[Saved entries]
(* Let $a,n\in\mathbb{N}$, let $k_1,\ldots,k_n\in\mathbb{N}$, let $f_1,\ldots,f_n$, $g_1,\ldots,g_n$, $h_1,\ldots,h_n$ be arbitrary arithmetic functions, and let $\omega$ be a completely multiplicative function. Then $$U_{\omega}^{(a)}(k_1,\ldots,k_n)=\sum_{d_1|k_1,\ldots,d_n|k_n}\omega(M)^a\Bigl(\prod_{i=1}^n f_i(d_i)\,g_i\Bigl(\frac{k_i}{d_i}\Bigr)\Bigr)\sum_{\ell=1}^{L^a}\omega(\ell)\prod_{i=1}^n h_i\Bigl(\Bigl(\frac{M}{d_i}\Bigr)^a\ell\Bigr),$$ where in each summand $M=\operatorname{lcm}(d_1,\ldots,d_n)$ and $L=K/M$. If in addition $h_1,\ldots,h_n$ are completely multiplicative, then $$U_{\omega}^{(a)}(k_1,\ldots,k_n)=\sum_{d_1|k_1,\ldots,d_n|k_n}\omega(M)^a\Bigl(\prod_{i=1}^n f_i(d_i)\,g_i\Bigl(\frac{k_i}{d_i}\Bigr)h_i\Bigl(\frac{M}{d_i}\Bigr)^a\Bigr)\sum_{\ell=1}^{L^a}\omega(\ell)\prod_{i=1}^n h_i(\ell).$$
   Context: An arithmetic function is a map $\mathbb{N}\to\mathbb{C}$. A function $\omega$ is completely multiplicative if $\omega(1)=1$ and $\omega(mn)=\omega(m)\omega(n)$ for all $m,n\in\mathbb{N}$. For $a\in\mathbb{N}$ and arithmetic functions $f,g,h$, the generalized Anderson–Apostol sum is $s^{(a)}_{f,g,h}(k,j)=\sum_{d|k,\ d^a|j} f(d)\,g(k/d)\,h(j/d^a)$ for $k,j\in\mathbb{N}$. Given $k_1,\ldots,k_n\in\mathbb{N}$, put $K=\operatorname{lcm}(k_1,\ldots,k_n)$ and $U_{\omega}^{(a)}(k_1,\ldots,k_n)=\sum_{j=1}^{K^a}\omega(j)\prod_{i=1}^n s^{(a)}_{f_i,g_i,h_i}(k_i,j)$. *)

theory Defs
  imports Complex_Main "HOL-Library.FuncSet"
begin

text \<open>Arithmetic functions are maps on the positive integers; we model them as
  functions nat => complex whose value at 0 is irrelevant.\<close>

definition compl_mult :: "(nat \<Rightarrow> complex) \<Rightarrow> bool" where
  "compl_mult w \<longleftrightarrow> w 1 = 1 \<and> (\<forall>m n. 0 < m \<longrightarrow> 0 < n \<longrightarrow> w (m * n) = w m * w n)"

definition AA_sum :: "nat \<Rightarrow> (nat \<Rightarrow> complex) \<Rightarrow> (nat \<Rightarrow> complex) \<Rightarrow> (nat \<Rightarrow> complex)
    \<Rightarrow> nat \<Rightarrow> nat \<Rightarrow> complex" where
  "AA_sum a f g h k j = (\<Sum>d\<in>{d. d dvd k \<and> d ^ a dvd j}. f d * g (k div d) * h (j div d ^ a))"

definition U_sum :: "nat \<Rightarrow> nat \<Rightarrow> (nat \<Rightarrow> complex) \<Rightarrow> (nat \<Rightarrow> nat \<Rightarrow> complex)
    \<Rightarrow> (nat \<Rightarrow> nat \<Rightarrow> complex) \<Rightarrow> (nat \<Rightarrow> nat \<Rightarrow> complex) \<Rightarrow> (nat \<Rightarrow> nat) \<Rightarrow> complex" where
  "U_sum a n \<omega> f g h k =
     (\<Sum>j = 1..(Lcm (k ` {1..n})) ^ a. \<omega> j * (\<Prod>i = 1..n. AA_sum a (f i) (g i) (h i) (k i) j))"

end

theory Submission
  imports Defs
begin

text \<open>Expanding each factor of the product in \<open>U\<close> and multiplying out turns \<open>U\<close> into a sum over
  divisor tuples \<open>(d\<^sub>1,\<dots>,d\<^sub>n)\<close> of sums over those \<open>j \<le> K\<^sup>a\<close> with \<open>d\<^sub>i\<^sup>a | j\<close> for all \<open>i\<close>,
  i.e. with \<open>M\<^sup>a | j\<close> where \<open>M = lcm(d\<^sub>1,\<dots>,d\<^sub>n)\<close>. Writing \<open>j = M\<^sup>a \<ell>\<close> with \<open>1 \<le> \<ell> \<le> (K/M)\<^sup>a\<close>,
  complete multiplicativity of \<open>\<omega>\<close> splits off \<open>\<omega>(M)\<^sup>a\<close>, and \<open>j / d\<^sub>i\<^sup>a = (M/d\<^sub>i)\<^sup>a \<ell>\<close>.
  If the \<open>h\<^sub>i\<close> are completely multiplicative as well, \<open>h\<^sub>i((M/d\<^sub>i)\<^sup>a \<ell>)\<close> factors further.\<close>

lemma compl_mult_mult: "compl_mult w \<Longrightarrow> 0 < x \<Longrightarrow> 0 < y \<Longrightarrow> w (x * y) = w x * w y"
  by (simp add: compl_mult_def)

lemma compl_mult_power: "compl_mult w \<Longrightarrow> 0 < x \<Longrightarrow> w (x ^ a) = w x ^ a"
  by (induction a) (simp_all add: compl_mult_def)

lemma lcm_power_nat: "lcm ((x::nat) ^ a) (y ^ a) = lcm x y ^ a"
  by (simp add: lcm_nat_def div_power power_mult_distrib)

lemma Lcm_image_power_nat:
  "finite I \<Longrightarrow> Lcm ((\<lambda>i. (d i :: nat) ^ a) ` I) = Lcm (d ` I) ^ a"
  by (induction I rule: finite_induct) (simp_all add: lcm_power_nat)

lemma Lcm_image_power_dvd_iff_nat:
  "finite I \<Longrightarrow> Lcm (d ` I) ^ a dvd (j::nat) \<longleftrightarrow> (\<forall>i\<in>I. d i ^ a dvd j)"
  by (simp flip: Lcm_image_power_nat add: Lcm_dvd_iff)

lemma Lcm_image_pos_nat:
  "finite I \<Longrightarrow> (\<And>i. i \<in> I \<Longrightarrow> 0 < (d i :: nat)) \<Longrightarrow> 0 < Lcm (d ` I)"
  by (metis Lcm_0_iff finite_imageI gr0I image_iff)

lemma sum_multiples_reindex:
  fixes G :: "nat \<Rightarrow> 'a::comm_monoid_add"
  assumes "0 < c"
  shows "(\<Sum>j = 1..c * N. if c dvd j then G j else 0) = (\<Sum>l = 1..N. G (c * l))"
proof -
  have "{j \<in> {1..c * N}. c dvd j} = (\<lambda>l. c * l) ` {1..N}"
    using assms by (auto elim!: dvdE simp: image_iff)
  moreover have "inj_on (\<lambda>l. c * l) {1..N}"
    using assms by (simp add: inj_on_def)
  ultimately show ?thesis
    by (simp add: sum.inter_filter [symmetric] sum.reindex)
qed

lemma AA_sum_conv_sum_divisors:
  assumes "0 < k"
  shows "AA_sum a f g h k j =
    (\<Sum>e | e dvd k. if e ^ a dvd j then f e * g (k div e) * h (j div e ^ a) else 0)"
proof -
  have "{e. e dvd k \<and> e ^ a dvd j} = {e \<in> {e. e dvd k}. e ^ a dvd j}"
    by blast
  then show ?thesis
    unfolding AA_sum_def using assms by (simp only:) (rule sum.inter_filter, simp add: finite_divisors_nat)
qed

lemma prod_AA_sum_eq_sum_divisor_tuples:
  assumes "finite I" and "\<And>i. i \<in> I \<Longrightarrow> 0 < k i"
  shows "(\<Prod>i\<in>I. AA_sum a (f i) (g i) (h i) (k i) j) =
    (\<Sum>d\<in>PiE I (\<lambda>i. {e. e dvd k i}).
       if Lcm (d ` I) ^ a dvd j
       then \<Prod>i\<in>I. f i (d i) * g i (k i div d i) * h i (j div d i ^ a) else 0)"
proof -
  have "(\<Prod>i\<in>I. AA_sum a (f i) (g i) (h i) (k i) j) =
      (\<Prod>i\<in>I. \<Sum>e | e dvd k i.
         if e ^ a dvd j then f i e * g i (k i div e) * h i (j div e ^ a) else 0)"
    using assms(2) by (simp add: AA_sum_conv_sum_divisors)
  also have "\<dots> = (\<Sum>d\<in>PiE I (\<lambda>i. {e. e dvd k i}). \<Prod>i\<in>I.
      if d i ^ a dvd j then f i (d i) * g i (k i div d i) * h i (j div d i ^ a) else 0)"
    using assms by (simp add: prod_sum_PiE finite_divisors_nat)
  also have "\<dots> = (\<Sum>d\<in>PiE I (\<lambda>i. {e. e dvd k i}).
       if Lcm (d ` I) ^ a dvd j
       then \<Prod>i\<in>I. f i (d i) * g i (k i div d i) * h i (j div d i ^ a) else 0)"
    using assms(1) by (intro sum.cong refl) (auto simp: Lcm_image_power_dvd_iff_nat)
  finally show ?thesis .
qed

lemma sum_over_multiples_of_Lcm_power:
  fixes d :: "nat \<Rightarrow> nat" and \<omega> :: "nat \<Rightarrow> complex"
  assumes "compl_mult \<omega>" and "finite I" and "\<And>i. i \<in> I \<Longrightarrow> 0 < d i"
    and "Lcm (d ` I) dvd K"
  defines "M \<equiv> Lcm (d ` I)"
  shows "(\<Sum>j = 1..K ^ a. if M ^ a dvd j
           then \<omega> j * (\<Prod>i\<in>I. f i (d i) * g i (k i div d i) * h i (j div d i ^ a)) else 0) =
         \<omega> M ^ a * (\<Prod>i\<in>I. f i (d i) * g i (k i div d i)) *
         (\<Sum>l = 1..(K div M) ^ a. \<omega> l * (\<Prod>i\<in>I. h i ((M div d i) ^ a * l)))"
proof -
  have M_pos: "0 < M"
    unfolding M_def using assms(2,3) by (rule Lcm_image_pos_nat)
  have K_eq: "K ^ a = M ^ a * (K div M) ^ a"
    using assms(4) by (simp add: M_def power_mult_distrib [symmetric])
  have quotient: "M ^ a * l div d i ^ a = (M div d i) ^ a * l" if "i \<in> I" for i l
  proof -
    have "d i dvd M"
      using that by (simp add: M_def dvd_Lcm)
    then obtain e where "M = d i * e" ..
    then show ?thesis
      using assms(3) [OF that] by (simp add: power_mult_distrib)
  qed
  have "(\<Sum>j = 1..K ^ a. if M ^ a dvd j
           then \<omega> j * (\<Prod>i\<in>I. f i (d i) * g i (k i div d i) * h i (j div d i ^ a)) else 0) =
        (\<Sum>l = 1..(K div M) ^ a. \<omega> (M ^ a * l) *
           (\<Prod>i\<in>I. f i (d i) * g i (k i div d i) * h i (M ^ a * l div d i ^ a)))"
    unfolding K_eq using M_pos by (intro sum_multiples_reindex) simp
  also have "\<dots> = (\<Sum>l = 1..(K div M) ^ a. \<omega> (M ^ a * l) *
           (\<Prod>i\<in>I. f i (d i) * g i (k i div d i) * h i ((M div d i) ^ a * l)))"
    by (simp add: quotient cong: prod.cong)
  also have "\<dots> = (\<Sum>l = 1..(K div M) ^ a. \<omega> M ^ a * (\<Prod>i\<in>I. f i (d i) * g i (k i div d i)) *
                    (\<omega> l * (\<Prod>i\<in>I. h i ((M div d i) ^ a * l))))"
    using assms(1) M_pos
    by (intro sum.cong refl) (simp add: compl_mult_mult compl_mult_power prod.distrib mult_ac)
  finally show ?thesis
    by (simp add: sum_distrib_left)
qed

lemma U_sum_eq_sum_divisor_tuples:
  assumes "compl_mult \<omega>" and "\<forall>i\<in>{1..n}. 0 < k i"
  shows "U_sum a n \<omega> f g h k =
      (\<Sum>d\<in>PiE {1..n} (\<lambda>i. {e. e dvd k i}).
         \<omega> (Lcm (d ` {1..n})) ^ a *
         (\<Prod>i = 1..n. f i (d i) * g i (k i div d i)) *
         (\<Sum>l = 1..(Lcm (k ` {1..n}) div Lcm (d ` {1..n})) ^ a.
            \<omega> l * (\<Prod>i = 1..n. h i ((Lcm (d ` {1..n}) div d i) ^ a * l))))"
proof -
  define I where "I = {1..n}"
  define D where "D = PiE I (\<lambda>i. {e. e dvd k i})"
  define K where "K = Lcm (k ` I)"
  define P where "P d j = (\<Prod>i\<in>I. f i (d i) * g i (k i div d i) * h i (j div d i ^ a))" for d j
  have I_finite: "finite I" and k_pos: "\<And>i. i \<in> I \<Longrightarrow> 0 < k i"
    using assms(2) by (simp_all add: I_def)
  have "U_sum a n \<omega> f g h k =
      (\<Sum>j = 1..K ^ a. \<Sum>d\<in>D. if Lcm (d ` I) ^ a dvd j then \<omega> j * P d j else 0)"
    unfolding U_sum_def I_def [symmetric] K_def [symmetric] D_def P_def
    using I_finite k_pos
    by (simp add: prod_AA_sum_eq_sum_divisor_tuples sum_distrib_left if_distrib cong: if_cong)
  also have "\<dots> = (\<Sum>d\<in>D. \<Sum>j = 1..K ^ a. if Lcm (d ` I) ^ a dvd j then \<omega> j * P d j else 0)"
    by (rule sum.swap)
  also have "\<dots> = (\<Sum>d\<in>D. \<omega> (Lcm (d ` I)) ^ a * (\<Prod>i\<in>I. f i (d i) * g i (k i div d i)) *
         (\<Sum>l = 1..(K div Lcm (d ` I)) ^ a. \<omega> l * (\<Prod>i\<in>I. h i ((Lcm (d ` I) div d i) ^ a * l))))"
  proof (intro sum.cong refl)
    fix d assume "d \<in> D"
    then have divisors: "d i dvd k i" if "i \<in> I" for i
      using that by (auto simp: D_def)
    have "0 < d i" if "i \<in> I" for i
      using divisors [OF that] k_pos [OF that] by (simp add: dvd_pos_nat)
    moreover have "Lcm (d ` I) dvd K"
      unfolding K_def by (auto intro!: Lcm_least dvd_trans [OF divisors] simp: dvd_Lcm)
    ultimately show "(\<Sum>j = 1..K ^ a. if Lcm (d ` I) ^ a dvd j then \<omega> j * P d j else 0) =
        \<omega> (Lcm (d ` I)) ^ a * (\<Prod>i\<in>I. f i (d i) * g i (k i div d i)) *
        (\<Sum>l = 1..(K div Lcm (d ` I)) ^ a. \<omega> l * (\<Prod>i\<in>I. h i ((Lcm (d ` I) div d i) ^ a * l)))"
      unfolding P_def by (rule sum_over_multiples_of_Lcm_power [OF assms(1) I_finite])
  qed
  finally show ?thesis
    by (simp add: I_def D_def K_def)
qed

lemma U_sum_eq_sum_divisor_tuples_compl_mult:
  assumes "compl_mult \<omega>" and "\<forall>i\<in>{1..n}. 0 < k i"
    and "\<forall>i\<in>{1..n}. compl_mult (h i)"
  shows "U_sum a n \<omega> f g h k =
      (\<Sum>d\<in>PiE {1..n} (\<lambda>i. {e. e dvd k i}).
         \<omega> (Lcm (d ` {1..n})) ^ a *
         (\<Prod>i = 1..n. f i (d i) * g i (k i div d i) * h i (Lcm (d ` {1..n}) div d i) ^ a) *
         (\<Sum>l = 1..(Lcm (k ` {1..n}) div Lcm (d ` {1..n})) ^ a.
            \<omega> l * (\<Prod>i = 1..n. h i l)))"
  unfolding U_sum_eq_sum_divisor_tuples [OF assms(1,2)]
proof (intro sum.cong refl)
  fix d assume d: "d \<in> PiE {1..n} (\<lambda>i. {e. e dvd k i})"
  define M where "M = Lcm (d ` {1..n})"
  have d_pos: "0 < d i" if "i \<in> {1..n}" for i
    using that assms(2) PiE_mem [OF d that] by (auto intro: dvd_pos_nat)
  then have "0 < M"
    unfolding M_def by (intro Lcm_image_pos_nat) simp_all
  moreover have "d i dvd M" if "i \<in> {1..n}" for i
    using that by (simp add: M_def dvd_Lcm)
  ultimately have quotient_pos: "0 < M div d i" if "i \<in> {1..n}" for i
    using that d_pos by (simp add: div_greater_zero_iff dvd_imp_le)
  have h_split: "h i ((M div d i) ^ a * l) = h i (M div d i) ^ a * h i l"
    if "i \<in> {1..n}" and "0 < l" for i l
    using assms(3) that quotient_pos [OF that(1)] by (simp add: compl_mult_mult compl_mult_power)
  have "(\<Sum>l = 1..(Lcm (k ` {1..n}) div M) ^ a. \<omega> l * (\<Prod>i = 1..n. h i ((M div d i) ^ a * l))) =
      (\<Sum>l = 1..(Lcm (k ` {1..n}) div M) ^ a.
         (\<Prod>i = 1..n. h i (M div d i) ^ a) * (\<omega> l * (\<Prod>i = 1..n. h i l)))"
  proof (intro sum.cong refl)
    fix l :: nat assume "l \<in> {1..(Lcm (k ` {1..n}) div M) ^ a}"
    then have "(\<Prod>i = 1..n. h i ((M div d i) ^ a * l)) =
        (\<Prod>i = 1..n. h i (M div d i) ^ a) * (\<Prod>i = 1..n. h i l)"
      unfolding prod.distrib [symmetric] by (intro prod.cong refl h_split) auto
    then show "\<omega> l * (\<Prod>i = 1..n. h i ((M div d i) ^ a * l)) =
        (\<Prod>i = 1..n. h i (M div d i) ^ a) * (\<omega> l * (\<Prod>i = 1..n. h i l))"
      by (simp add: mult_ac)
  qed
  then show "\<omega> M ^ a * (\<Prod>i = 1..n. f i (d i) * g i (k i div d i)) *
      (\<Sum>l = 1..(Lcm (k ` {1..n}) div M) ^ a. \<omega> l * (\<Prod>i = 1..n. h i ((M div d i) ^ a * l))) =
      \<omega> M ^ a * (\<Prod>i = 1..n. f i (d i) * g i (k i div d i) * h i (M div d i) ^ a) *
      (\<Sum>l = 1..(Lcm (k ` {1..n}) div M) ^ a. \<omega> l * (\<Prod>i = 1..n. h i l))"
    by (simp add: sum_distrib_left prod.distrib mult_ac)
qed

theorem theorem1:
  fixes a n :: nat and k :: "nat \<Rightarrow> nat"
    and f g h :: "nat \<Rightarrow> nat \<Rightarrow> complex" and \<omega> :: "nat \<Rightarrow> complex"
  assumes "a \<ge> 1" and "n \<ge> 1"
    and "\<And>i. i \<in> {1..n} \<Longrightarrow> k i \<ge> 1"
    and "compl_mult \<omega>"
  shows "U_sum a n \<omega> f g h k =
      (\<Sum>d\<in>(PiE {1..n} (\<lambda>i. {e. e dvd k i})).
         \<omega> (Lcm (d ` {1..n})) ^ a *
         (\<Prod>i = 1..n. f i (d i) * g i (k i div d i)) *
         (\<Sum>l = 1..(Lcm (k ` {1..n}) div Lcm (d ` {1..n})) ^ a.
            \<omega> l * (\<Prod>i = 1..n. h i ((Lcm (d ` {1..n}) div d i) ^ a * l))))
    \<and> ((\<forall>i\<in>{1..n}. compl_mult (h i)) \<longrightarrow>
      U_sum a n \<omega> f g h k =
      (\<Sum>d\<in>(PiE {1..n} (\<lambda>i. {e. e dvd k i})).
         \<omega> (Lcm (d ` {1..n})) ^ a *
         (\<Prod>i = 1..n. f i (d i) * g i (k i div d i) * h i (Lcm (d ` {1..n}) div d i) ^ a) *
         (\<Sum>l = 1..(Lcm (k ` {1..n}) div Lcm (d ` {1..n})) ^ a.
            \<omega> l * (\<Prod>i = 1..n. h i l))))"
proof -
  have k_pos: "\<forall>i\<in>{1..n}. 0 < k i"
    using assms(3) by fastforce
  show ?thesis
    using U_sum_eq_sum_divisor_tuples [OF assms(4) k_pos]
      U_sum_eq_sum_divisor_tuples_compl_mult [OF assms(4) k_pos]
    by blast
qed

end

## Your assignment
Every line of the entries above that includes "lemma" should be copied.

## Task response
lemma compl_mult_mult: "compl_mult w \<Longrightarrow> 0 < x \<Longrightarrow> 0 < y \<Longrightarrow> w (x * y) = w x * w y"
lemma compl_mult_power: "compl_mult w \<Longrightarrow> 0 < x \<Longrightarrow> w (x ^ a) = w x ^ a"
lemma lcm_power_nat: "lcm ((x::nat) ^ a) (y ^ a) = lcm x y ^ a"
lemma Lcm_image_power_nat:
lemma Lcm_image_power_dvd_iff_nat:
lemma Lcm_image_pos_nat:
lemma sum_multiples_reindex:
lemma AA_sum_conv_sum_divisors:
lemma prod_AA_sum_eq_sum_divisor_tuples:
lemma sum_over_multiples_of_Lcm_power:
lemma U_sum_eq_sum_divisor_tuples:
lemma U_sum_eq_sum_divisor_tuples_compl_mult:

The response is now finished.